### Task item
Your task is to copy every line of the entries that holds the word "induct".
:: Data supplied
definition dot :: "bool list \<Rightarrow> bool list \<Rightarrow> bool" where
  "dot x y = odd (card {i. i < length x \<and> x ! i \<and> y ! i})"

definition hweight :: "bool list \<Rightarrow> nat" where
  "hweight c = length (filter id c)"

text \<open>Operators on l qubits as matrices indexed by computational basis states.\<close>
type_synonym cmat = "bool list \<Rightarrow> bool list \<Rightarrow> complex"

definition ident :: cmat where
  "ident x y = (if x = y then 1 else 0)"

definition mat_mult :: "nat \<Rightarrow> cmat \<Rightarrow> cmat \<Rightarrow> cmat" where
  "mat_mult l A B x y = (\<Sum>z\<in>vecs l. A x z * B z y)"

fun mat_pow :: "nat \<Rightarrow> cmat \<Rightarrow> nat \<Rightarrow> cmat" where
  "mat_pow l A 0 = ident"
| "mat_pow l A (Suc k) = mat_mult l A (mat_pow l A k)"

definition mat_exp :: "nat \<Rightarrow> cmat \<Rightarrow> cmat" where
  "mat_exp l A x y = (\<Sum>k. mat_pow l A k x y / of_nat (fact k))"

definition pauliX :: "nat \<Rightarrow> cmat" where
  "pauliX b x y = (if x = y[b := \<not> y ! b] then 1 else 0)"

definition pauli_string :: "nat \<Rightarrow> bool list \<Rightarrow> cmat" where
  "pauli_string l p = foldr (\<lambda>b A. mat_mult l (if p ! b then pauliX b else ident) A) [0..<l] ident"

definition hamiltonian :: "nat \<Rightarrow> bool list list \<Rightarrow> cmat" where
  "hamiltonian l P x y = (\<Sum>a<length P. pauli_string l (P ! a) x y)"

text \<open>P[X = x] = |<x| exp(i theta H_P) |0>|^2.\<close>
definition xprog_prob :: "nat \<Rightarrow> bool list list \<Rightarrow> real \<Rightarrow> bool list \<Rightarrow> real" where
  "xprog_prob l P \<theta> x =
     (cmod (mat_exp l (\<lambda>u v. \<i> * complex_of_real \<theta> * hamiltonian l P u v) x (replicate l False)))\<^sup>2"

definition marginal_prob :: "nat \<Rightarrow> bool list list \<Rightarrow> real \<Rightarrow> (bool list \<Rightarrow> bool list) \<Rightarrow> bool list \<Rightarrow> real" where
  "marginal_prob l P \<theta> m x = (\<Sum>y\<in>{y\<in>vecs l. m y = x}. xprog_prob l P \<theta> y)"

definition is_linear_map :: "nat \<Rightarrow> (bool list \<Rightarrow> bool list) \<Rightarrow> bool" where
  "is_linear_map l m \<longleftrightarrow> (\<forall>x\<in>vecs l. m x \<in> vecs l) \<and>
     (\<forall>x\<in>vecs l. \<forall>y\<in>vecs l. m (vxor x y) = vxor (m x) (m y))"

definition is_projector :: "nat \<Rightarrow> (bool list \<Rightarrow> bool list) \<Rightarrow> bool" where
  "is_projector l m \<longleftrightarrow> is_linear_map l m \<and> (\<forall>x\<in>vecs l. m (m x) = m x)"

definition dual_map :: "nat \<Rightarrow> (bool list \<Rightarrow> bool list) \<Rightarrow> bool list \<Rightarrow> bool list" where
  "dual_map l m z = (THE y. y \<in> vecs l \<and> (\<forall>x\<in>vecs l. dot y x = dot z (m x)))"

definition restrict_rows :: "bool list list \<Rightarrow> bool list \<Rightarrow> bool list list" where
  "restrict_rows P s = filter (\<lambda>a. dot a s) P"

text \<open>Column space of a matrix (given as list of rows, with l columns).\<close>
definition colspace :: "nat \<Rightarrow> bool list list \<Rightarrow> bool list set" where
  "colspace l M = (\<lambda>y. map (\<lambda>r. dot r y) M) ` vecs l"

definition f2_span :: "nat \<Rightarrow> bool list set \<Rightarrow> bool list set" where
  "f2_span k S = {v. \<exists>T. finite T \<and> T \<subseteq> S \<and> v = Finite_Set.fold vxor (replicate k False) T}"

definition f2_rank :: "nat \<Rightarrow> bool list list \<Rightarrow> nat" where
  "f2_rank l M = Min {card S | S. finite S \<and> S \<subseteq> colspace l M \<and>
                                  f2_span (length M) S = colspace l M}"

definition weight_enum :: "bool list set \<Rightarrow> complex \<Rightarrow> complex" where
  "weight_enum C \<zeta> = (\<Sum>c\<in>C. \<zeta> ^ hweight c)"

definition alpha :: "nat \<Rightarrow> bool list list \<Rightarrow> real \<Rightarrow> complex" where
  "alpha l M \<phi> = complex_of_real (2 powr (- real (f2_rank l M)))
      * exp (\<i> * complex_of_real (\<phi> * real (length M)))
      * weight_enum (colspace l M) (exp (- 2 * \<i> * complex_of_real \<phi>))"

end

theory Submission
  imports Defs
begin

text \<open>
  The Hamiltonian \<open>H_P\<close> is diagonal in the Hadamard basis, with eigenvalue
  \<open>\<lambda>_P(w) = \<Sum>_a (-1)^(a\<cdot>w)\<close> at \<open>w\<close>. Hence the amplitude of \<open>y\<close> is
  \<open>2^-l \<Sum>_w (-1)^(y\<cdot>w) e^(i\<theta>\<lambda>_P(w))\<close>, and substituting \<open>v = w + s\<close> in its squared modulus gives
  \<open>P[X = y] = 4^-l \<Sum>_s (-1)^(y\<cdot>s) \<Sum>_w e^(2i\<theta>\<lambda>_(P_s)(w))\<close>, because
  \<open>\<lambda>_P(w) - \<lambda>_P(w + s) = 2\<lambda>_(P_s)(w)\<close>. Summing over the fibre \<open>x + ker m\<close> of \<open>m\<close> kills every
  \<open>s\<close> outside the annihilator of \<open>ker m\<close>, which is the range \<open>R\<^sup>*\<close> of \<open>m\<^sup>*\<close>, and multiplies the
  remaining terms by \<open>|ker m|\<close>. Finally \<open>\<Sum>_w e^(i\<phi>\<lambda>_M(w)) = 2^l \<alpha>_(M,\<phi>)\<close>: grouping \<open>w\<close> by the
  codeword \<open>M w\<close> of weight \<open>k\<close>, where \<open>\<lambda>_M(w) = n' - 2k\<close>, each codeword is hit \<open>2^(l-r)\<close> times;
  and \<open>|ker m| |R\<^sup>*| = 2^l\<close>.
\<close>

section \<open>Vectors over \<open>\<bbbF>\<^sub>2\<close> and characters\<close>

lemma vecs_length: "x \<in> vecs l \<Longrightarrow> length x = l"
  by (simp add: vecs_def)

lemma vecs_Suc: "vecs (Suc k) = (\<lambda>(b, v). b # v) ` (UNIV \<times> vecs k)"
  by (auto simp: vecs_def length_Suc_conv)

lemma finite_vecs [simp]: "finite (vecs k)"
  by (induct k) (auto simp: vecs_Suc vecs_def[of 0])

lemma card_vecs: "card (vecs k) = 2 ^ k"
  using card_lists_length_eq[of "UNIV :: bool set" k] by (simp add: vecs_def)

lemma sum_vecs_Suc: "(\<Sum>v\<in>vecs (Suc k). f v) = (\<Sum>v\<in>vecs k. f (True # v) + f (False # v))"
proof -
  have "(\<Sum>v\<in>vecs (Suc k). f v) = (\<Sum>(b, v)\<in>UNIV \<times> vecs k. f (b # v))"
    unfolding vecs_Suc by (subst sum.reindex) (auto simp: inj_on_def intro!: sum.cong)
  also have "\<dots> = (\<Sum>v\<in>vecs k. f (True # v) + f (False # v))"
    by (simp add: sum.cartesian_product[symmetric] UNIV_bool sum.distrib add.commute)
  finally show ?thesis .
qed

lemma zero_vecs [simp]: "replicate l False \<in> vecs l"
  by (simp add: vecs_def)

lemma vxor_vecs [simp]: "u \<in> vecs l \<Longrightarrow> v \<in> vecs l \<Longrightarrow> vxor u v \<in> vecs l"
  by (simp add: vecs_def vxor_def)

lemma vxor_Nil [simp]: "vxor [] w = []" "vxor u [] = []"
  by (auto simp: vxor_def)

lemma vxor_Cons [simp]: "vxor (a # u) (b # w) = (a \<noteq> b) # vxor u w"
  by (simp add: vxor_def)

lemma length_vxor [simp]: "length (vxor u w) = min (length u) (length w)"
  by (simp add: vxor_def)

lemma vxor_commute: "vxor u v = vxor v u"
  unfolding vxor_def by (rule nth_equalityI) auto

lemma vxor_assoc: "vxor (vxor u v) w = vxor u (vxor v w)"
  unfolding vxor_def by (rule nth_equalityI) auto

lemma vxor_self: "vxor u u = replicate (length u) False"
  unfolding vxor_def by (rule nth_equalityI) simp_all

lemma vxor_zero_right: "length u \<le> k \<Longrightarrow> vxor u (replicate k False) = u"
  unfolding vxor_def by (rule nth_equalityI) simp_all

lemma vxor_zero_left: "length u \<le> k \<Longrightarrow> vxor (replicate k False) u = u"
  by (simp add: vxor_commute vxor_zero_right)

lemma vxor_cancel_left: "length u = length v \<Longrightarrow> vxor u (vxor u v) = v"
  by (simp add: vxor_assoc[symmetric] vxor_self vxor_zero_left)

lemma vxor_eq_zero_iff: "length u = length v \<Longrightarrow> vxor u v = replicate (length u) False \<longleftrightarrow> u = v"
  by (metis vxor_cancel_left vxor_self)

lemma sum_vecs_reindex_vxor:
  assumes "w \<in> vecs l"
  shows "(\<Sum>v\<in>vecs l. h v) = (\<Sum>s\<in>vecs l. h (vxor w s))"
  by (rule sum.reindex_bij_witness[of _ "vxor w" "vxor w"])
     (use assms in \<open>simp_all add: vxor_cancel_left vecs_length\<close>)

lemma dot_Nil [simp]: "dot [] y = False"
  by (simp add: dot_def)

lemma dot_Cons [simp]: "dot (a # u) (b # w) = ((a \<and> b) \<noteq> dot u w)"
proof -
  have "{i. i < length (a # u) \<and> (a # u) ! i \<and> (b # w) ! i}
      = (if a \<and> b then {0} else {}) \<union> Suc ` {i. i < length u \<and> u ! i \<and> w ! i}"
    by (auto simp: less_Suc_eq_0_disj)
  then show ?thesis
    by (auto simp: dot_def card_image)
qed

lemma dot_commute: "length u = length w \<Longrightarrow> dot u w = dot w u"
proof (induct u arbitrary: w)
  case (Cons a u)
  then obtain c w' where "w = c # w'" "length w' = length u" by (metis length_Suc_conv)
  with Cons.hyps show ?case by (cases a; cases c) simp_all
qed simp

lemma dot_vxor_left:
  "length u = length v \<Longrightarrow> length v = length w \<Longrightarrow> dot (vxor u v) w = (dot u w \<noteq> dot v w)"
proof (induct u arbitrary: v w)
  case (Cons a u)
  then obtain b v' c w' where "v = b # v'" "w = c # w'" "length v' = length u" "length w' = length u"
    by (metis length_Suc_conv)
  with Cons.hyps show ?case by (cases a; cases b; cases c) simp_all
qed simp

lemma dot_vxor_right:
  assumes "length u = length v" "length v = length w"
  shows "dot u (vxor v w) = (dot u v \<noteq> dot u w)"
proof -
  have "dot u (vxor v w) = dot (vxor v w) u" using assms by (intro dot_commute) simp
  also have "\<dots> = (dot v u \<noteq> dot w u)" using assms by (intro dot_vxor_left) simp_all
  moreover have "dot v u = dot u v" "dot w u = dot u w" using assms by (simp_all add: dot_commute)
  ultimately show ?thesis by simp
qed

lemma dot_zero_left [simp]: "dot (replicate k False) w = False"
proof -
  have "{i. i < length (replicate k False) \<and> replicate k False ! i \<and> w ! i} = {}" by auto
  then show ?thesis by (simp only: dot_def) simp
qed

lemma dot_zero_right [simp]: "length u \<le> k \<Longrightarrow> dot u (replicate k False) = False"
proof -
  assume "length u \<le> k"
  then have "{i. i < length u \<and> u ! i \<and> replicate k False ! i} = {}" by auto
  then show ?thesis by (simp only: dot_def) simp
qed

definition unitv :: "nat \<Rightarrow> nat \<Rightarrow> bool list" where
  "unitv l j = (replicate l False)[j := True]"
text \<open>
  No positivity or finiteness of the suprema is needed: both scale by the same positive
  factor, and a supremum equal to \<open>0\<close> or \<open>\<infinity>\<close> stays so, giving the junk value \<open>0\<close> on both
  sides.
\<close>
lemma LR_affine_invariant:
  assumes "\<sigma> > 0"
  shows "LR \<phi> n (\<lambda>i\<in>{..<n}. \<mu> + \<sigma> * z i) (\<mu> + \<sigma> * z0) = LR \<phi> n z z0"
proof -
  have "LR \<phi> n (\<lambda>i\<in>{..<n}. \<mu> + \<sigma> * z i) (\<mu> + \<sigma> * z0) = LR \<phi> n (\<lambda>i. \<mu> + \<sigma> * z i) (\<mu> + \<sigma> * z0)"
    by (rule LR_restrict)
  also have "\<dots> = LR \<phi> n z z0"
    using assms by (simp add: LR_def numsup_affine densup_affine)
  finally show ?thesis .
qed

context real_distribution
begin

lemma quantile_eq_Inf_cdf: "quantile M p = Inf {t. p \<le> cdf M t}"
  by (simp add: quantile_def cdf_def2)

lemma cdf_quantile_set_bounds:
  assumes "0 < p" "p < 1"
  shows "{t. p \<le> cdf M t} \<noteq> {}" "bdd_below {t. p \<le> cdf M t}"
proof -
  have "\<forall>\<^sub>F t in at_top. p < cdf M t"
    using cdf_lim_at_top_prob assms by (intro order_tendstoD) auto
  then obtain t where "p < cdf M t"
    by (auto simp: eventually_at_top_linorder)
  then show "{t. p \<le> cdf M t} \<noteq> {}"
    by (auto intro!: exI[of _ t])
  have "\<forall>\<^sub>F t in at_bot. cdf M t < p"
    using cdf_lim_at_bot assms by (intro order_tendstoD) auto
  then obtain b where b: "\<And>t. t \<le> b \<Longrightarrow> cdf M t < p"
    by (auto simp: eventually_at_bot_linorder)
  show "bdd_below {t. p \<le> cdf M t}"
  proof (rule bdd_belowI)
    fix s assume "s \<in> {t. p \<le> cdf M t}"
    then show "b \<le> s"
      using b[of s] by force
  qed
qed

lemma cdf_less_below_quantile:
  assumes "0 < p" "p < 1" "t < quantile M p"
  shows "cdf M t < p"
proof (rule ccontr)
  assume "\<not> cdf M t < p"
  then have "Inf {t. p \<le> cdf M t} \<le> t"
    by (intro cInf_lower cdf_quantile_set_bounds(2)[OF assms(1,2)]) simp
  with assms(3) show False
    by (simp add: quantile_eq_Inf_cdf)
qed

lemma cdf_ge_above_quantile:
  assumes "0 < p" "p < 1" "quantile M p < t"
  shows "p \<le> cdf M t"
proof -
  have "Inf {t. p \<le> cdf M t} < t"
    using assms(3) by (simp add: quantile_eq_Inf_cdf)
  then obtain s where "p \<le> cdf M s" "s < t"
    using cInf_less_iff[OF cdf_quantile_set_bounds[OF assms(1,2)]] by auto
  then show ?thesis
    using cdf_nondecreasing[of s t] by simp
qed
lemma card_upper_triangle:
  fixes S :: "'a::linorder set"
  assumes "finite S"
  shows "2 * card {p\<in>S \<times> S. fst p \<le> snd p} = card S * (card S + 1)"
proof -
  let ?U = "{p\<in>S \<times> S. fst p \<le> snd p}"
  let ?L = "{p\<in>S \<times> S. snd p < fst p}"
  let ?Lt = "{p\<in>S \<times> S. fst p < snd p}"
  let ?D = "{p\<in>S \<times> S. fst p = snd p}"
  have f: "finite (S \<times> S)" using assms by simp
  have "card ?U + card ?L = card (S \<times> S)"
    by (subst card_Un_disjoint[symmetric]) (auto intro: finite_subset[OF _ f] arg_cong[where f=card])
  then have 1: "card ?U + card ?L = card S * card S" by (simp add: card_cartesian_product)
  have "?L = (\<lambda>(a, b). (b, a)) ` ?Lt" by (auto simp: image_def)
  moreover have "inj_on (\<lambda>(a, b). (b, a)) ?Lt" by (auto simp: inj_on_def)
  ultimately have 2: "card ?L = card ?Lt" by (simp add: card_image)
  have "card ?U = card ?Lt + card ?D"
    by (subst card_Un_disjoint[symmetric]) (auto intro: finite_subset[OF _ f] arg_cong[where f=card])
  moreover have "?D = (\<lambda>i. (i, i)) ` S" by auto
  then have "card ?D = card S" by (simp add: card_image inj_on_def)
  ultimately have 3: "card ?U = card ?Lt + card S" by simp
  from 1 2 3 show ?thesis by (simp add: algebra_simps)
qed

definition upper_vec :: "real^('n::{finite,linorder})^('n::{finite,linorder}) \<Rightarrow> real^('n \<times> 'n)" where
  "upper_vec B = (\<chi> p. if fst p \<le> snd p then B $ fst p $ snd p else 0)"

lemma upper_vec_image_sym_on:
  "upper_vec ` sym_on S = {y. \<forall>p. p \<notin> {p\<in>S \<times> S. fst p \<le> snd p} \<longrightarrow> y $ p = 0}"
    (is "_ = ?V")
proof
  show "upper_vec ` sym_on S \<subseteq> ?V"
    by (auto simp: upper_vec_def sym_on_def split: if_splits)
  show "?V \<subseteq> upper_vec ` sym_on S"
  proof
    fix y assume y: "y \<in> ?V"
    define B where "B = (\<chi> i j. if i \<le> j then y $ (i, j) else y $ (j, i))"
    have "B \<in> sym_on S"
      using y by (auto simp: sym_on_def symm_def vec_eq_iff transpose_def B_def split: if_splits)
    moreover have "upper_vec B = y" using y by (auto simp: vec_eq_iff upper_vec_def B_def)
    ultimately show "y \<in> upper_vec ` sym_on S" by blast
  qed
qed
::::
### Exercise response
  by (induct k) (auto simp: vecs_Suc vecs_def[of 0])
proof (induct u arbitrary: w)
proof (induct u arbitrary: v w)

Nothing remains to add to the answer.